* TASK INSTRUCTIONS *
What do the lines say, reproduced word for word, from the first of the entries below through the line bearing "(indices above k"?

* DATASET RECORDS *
———

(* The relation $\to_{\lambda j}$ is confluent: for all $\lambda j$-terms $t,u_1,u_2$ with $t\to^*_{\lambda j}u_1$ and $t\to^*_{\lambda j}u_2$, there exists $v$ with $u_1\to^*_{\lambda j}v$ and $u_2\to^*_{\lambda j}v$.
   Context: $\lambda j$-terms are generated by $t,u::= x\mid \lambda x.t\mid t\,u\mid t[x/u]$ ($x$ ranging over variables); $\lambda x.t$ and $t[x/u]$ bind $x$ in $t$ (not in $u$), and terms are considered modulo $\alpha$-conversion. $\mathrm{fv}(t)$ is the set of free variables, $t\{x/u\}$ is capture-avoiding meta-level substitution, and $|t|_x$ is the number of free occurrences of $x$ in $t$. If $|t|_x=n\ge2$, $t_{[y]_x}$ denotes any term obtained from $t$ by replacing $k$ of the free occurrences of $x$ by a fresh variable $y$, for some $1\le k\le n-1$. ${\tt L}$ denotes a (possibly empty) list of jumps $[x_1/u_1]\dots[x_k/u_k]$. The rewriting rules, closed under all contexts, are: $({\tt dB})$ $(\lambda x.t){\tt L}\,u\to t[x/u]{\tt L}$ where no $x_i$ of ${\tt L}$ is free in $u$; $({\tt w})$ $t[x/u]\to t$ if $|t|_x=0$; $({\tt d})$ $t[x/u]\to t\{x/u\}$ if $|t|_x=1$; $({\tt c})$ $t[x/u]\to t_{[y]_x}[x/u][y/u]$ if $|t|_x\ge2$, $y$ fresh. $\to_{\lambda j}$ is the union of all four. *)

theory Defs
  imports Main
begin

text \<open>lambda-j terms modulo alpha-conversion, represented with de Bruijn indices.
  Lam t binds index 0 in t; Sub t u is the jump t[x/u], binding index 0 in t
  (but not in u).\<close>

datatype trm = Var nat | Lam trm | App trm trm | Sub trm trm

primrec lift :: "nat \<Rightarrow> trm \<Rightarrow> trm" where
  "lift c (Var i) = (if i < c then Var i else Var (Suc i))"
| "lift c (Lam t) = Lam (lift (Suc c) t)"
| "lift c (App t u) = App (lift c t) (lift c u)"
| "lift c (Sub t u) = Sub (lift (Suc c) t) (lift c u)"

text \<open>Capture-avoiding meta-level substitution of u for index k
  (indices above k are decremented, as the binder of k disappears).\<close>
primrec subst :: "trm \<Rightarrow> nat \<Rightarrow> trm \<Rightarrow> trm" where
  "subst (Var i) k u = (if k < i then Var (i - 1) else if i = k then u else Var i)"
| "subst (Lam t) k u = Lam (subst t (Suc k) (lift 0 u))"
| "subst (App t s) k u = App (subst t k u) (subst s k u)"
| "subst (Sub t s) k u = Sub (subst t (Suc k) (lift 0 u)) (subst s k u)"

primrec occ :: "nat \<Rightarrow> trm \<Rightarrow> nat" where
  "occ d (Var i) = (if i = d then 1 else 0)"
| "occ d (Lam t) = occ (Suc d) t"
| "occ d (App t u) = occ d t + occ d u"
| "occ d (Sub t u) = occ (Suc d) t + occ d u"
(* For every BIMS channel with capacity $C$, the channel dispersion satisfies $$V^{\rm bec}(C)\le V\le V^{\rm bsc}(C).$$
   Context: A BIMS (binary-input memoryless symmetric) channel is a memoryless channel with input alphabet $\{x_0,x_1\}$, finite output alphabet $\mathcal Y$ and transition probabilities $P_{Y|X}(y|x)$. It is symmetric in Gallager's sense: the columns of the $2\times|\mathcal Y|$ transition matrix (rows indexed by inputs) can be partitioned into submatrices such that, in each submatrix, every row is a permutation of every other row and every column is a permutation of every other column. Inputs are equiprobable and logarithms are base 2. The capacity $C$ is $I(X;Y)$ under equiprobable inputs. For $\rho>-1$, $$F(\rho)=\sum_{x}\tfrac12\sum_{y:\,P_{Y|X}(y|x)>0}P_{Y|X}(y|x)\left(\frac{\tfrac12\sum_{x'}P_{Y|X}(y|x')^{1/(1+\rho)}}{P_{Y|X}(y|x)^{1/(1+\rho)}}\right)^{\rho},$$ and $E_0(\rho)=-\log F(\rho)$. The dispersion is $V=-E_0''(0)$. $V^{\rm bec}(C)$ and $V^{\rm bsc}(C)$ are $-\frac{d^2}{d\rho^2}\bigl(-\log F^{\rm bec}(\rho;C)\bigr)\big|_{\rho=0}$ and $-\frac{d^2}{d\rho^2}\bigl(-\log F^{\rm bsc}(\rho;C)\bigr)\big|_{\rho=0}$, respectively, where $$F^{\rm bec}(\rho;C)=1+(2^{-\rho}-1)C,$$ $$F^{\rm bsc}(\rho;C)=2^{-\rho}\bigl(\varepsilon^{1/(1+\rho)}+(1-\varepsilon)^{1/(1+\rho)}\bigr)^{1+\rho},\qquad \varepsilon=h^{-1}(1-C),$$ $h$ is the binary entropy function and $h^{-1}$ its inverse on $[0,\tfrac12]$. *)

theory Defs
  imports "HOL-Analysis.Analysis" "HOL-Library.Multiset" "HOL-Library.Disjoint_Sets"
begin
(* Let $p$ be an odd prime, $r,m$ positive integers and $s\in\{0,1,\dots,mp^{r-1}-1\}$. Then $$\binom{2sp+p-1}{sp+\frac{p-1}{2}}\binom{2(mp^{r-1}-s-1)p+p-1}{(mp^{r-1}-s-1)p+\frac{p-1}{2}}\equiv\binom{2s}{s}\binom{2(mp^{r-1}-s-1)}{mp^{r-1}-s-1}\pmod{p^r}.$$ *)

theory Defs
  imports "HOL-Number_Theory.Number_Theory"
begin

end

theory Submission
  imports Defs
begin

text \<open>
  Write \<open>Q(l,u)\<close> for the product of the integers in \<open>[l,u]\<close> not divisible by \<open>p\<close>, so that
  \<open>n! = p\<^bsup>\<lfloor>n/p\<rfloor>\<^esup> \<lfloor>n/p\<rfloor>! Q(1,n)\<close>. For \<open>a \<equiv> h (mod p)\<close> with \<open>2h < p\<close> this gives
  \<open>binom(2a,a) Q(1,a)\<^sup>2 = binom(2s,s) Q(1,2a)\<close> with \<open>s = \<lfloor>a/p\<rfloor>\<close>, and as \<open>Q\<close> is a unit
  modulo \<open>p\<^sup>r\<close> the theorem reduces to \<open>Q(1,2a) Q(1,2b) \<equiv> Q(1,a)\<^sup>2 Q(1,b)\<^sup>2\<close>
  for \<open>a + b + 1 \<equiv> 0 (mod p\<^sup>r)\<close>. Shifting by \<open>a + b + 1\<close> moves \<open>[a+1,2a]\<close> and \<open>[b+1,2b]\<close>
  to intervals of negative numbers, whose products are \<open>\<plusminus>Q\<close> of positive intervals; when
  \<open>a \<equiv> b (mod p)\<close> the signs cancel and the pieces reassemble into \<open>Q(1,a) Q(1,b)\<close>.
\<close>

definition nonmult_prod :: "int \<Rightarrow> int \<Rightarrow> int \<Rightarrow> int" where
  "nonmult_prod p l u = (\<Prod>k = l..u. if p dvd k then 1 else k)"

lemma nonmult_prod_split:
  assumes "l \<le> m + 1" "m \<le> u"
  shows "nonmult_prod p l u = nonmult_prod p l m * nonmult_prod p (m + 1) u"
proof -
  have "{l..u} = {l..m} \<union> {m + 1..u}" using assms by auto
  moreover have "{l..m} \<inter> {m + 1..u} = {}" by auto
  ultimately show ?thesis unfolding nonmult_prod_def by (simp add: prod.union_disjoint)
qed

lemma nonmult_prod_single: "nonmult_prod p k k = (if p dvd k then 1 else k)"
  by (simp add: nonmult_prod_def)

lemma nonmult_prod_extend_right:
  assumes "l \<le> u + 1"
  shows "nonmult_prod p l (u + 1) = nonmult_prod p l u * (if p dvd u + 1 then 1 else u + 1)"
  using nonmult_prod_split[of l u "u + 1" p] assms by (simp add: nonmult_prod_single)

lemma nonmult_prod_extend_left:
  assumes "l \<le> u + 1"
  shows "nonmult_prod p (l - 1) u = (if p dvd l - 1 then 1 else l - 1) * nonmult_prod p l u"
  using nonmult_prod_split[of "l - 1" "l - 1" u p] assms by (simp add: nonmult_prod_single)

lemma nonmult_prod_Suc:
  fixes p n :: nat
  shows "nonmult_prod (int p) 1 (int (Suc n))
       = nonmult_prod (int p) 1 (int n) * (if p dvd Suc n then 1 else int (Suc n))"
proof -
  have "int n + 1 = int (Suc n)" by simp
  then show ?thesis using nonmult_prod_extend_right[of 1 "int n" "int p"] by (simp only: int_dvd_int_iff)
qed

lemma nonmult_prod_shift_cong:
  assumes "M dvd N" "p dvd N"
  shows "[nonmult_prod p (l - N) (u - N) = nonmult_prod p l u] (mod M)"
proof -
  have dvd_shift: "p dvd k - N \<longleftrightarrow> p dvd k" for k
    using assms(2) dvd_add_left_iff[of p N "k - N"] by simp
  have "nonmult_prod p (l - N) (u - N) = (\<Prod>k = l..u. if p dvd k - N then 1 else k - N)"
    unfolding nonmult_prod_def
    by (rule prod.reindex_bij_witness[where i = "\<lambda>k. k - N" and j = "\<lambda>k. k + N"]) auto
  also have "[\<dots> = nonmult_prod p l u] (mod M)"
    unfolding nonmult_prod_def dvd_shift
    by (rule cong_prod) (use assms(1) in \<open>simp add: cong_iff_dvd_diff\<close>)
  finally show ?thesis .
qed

———

* EXPECTED ANSWER *
(* The relation $\to_{\lambda j}$ is confluent: for all $\lambda j$-terms $t,u_1,u_2$ with $t\to^*_{\lambda j}u_1$ and $t\to^*_{\lambda j}u_2$, there exists $v$ with $u_1\to^*_{\lambda j}v$ and $u_2\to^*_{\lambda j}v$.
   Context: $\lambda j$-terms are generated by $t,u::= x\mid \lambda x.t\mid t\,u\mid t[x/u]$ ($x$ ranging over variables); $\lambda x.t$ and $t[x/u]$ bind $x$ in $t$ (not in $u$), and terms are considered modulo $\alpha$-conversion. $\mathrm{fv}(t)$ is the set of free variables, $t\{x/u\}$ is capture-avoiding meta-level substitution, and $|t|_x$ is the number of free occurrences of $x$ in $t$. If $|t|_x=n\ge2$, $t_{[y]_x}$ denotes any term obtained from $t$ by replacing $k$ of the free occurrences of $x$ by a fresh variable $y$, for some $1\le k\le n-1$. ${\tt L}$ denotes a (possibly empty) list of jumps $[x_1/u_1]\dots[x_k/u_k]$. The rewriting rules, closed under all contexts, are: $({\tt dB})$ $(\lambda x.t){\tt L}\,u\to t[x/u]{\tt L}$ where no $x_i$ of ${\tt L}$ is free in $u$; $({\tt w})$ $t[x/u]\to t$ if $|t|_x=0$; $({\tt d})$ $t[x/u]\to t\{x/u\}$ if $|t|_x=1$; $({\tt c})$ $t[x/u]\to t_{[y]_x}[x/u][y/u]$ if $|t|_x\ge2$, $y$ fresh. $\to_{\lambda j}$ is the union of all four. *)

theory Defs
  imports Main
begin

text \<open>lambda-j terms modulo alpha-conversion, represented with de Bruijn indices.
  Lam t binds index 0 in t; Sub t u is the jump t[x/u], binding index 0 in t
  (but not in u).\<close>

datatype trm = Var nat | Lam trm | App trm trm | Sub trm trm

primrec lift :: "nat \<Rightarrow> trm \<Rightarrow> trm" where
  "lift c (Var i) = (if i < c then Var i else Var (Suc i))"
| "lift c (Lam t) = Lam (lift (Suc c) t)"
| "lift c (App t u) = App (lift c t) (lift c u)"
| "lift c (Sub t u) = Sub (lift (Suc c) t) (lift c u)"

text \<open>Capture-avoiding meta-level substitution of u for index k
  (indices above k are decremented, as the binder of k disappears).\<close>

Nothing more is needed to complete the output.